_Records shown:_
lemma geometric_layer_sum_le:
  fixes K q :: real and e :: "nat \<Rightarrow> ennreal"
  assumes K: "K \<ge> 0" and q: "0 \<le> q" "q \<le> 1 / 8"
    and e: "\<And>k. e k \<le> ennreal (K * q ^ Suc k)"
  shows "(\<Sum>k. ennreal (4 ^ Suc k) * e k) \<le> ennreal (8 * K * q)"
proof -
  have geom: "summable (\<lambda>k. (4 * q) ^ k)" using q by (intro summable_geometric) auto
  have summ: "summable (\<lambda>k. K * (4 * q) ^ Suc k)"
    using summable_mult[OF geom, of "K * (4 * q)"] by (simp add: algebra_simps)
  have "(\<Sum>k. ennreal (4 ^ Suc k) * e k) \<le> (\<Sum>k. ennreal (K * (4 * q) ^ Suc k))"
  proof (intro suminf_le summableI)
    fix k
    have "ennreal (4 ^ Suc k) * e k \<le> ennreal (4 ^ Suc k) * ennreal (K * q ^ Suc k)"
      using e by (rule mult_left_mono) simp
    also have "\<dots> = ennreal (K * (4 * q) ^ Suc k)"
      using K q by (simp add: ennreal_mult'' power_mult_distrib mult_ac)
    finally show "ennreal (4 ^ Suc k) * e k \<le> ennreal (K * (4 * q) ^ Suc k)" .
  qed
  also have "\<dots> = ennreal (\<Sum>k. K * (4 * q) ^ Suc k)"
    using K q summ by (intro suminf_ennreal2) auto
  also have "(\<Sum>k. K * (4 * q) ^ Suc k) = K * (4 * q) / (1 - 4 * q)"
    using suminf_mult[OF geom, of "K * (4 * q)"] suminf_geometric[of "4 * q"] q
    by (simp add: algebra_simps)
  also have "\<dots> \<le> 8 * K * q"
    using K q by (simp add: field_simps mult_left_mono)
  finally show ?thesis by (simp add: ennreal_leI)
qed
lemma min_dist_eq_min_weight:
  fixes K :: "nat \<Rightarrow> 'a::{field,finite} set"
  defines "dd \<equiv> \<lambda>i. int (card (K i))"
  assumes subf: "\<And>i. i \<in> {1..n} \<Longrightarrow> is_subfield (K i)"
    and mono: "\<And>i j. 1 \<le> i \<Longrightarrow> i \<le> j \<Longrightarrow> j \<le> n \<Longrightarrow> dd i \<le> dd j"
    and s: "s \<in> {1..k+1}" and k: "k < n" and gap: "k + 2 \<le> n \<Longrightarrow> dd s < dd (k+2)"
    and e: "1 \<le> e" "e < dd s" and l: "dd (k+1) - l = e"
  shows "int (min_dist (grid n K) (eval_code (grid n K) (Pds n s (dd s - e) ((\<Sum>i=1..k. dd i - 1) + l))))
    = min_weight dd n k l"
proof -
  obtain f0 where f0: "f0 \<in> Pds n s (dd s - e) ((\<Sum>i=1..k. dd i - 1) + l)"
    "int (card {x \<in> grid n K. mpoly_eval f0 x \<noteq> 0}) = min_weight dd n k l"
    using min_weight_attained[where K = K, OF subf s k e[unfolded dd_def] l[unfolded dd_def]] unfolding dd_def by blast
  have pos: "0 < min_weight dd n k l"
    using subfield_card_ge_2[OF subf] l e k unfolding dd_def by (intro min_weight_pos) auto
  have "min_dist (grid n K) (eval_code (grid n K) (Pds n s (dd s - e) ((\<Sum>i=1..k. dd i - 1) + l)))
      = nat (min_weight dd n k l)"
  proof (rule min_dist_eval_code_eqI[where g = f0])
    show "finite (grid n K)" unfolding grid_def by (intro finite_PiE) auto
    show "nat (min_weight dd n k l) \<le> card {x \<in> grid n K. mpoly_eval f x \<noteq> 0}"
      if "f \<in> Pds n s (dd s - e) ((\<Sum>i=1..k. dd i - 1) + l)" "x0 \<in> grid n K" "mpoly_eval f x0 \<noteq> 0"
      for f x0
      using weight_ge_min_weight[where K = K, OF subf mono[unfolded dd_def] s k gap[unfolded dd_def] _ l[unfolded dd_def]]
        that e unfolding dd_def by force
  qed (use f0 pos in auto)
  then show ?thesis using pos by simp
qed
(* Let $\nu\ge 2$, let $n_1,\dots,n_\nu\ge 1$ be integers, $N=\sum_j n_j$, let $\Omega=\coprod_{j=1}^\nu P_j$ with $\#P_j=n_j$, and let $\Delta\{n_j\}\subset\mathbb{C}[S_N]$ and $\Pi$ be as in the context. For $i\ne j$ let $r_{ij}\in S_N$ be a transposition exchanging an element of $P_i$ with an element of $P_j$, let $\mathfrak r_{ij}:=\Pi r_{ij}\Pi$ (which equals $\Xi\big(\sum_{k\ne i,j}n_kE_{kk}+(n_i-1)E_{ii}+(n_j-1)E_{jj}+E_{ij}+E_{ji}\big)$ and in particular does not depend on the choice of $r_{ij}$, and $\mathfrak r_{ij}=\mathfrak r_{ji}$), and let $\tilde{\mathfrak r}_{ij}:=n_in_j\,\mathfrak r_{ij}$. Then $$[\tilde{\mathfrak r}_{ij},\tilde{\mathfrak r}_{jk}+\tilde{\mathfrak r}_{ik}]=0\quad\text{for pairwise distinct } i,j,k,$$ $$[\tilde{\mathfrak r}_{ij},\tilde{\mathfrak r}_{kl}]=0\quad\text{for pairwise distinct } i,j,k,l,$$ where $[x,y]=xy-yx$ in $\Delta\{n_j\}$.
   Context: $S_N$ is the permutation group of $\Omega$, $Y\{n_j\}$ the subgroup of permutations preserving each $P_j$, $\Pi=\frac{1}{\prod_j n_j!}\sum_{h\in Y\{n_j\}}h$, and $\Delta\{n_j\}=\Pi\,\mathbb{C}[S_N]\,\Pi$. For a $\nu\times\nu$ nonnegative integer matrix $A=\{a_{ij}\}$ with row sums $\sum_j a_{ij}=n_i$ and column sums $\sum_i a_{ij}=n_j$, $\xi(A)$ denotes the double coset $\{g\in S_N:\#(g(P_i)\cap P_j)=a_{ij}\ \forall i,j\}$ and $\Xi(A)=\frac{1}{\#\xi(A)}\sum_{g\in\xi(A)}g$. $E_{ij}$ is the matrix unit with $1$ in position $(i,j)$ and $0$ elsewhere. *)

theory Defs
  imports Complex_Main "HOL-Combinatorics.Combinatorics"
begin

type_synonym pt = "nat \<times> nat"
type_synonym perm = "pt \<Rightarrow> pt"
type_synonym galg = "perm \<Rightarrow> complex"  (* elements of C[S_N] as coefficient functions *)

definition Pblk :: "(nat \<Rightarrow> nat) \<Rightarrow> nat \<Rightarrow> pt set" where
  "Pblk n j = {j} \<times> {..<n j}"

_Try it:_
How many lines above contain the word "also"? Reply with only the number.

_Result of the task:_
4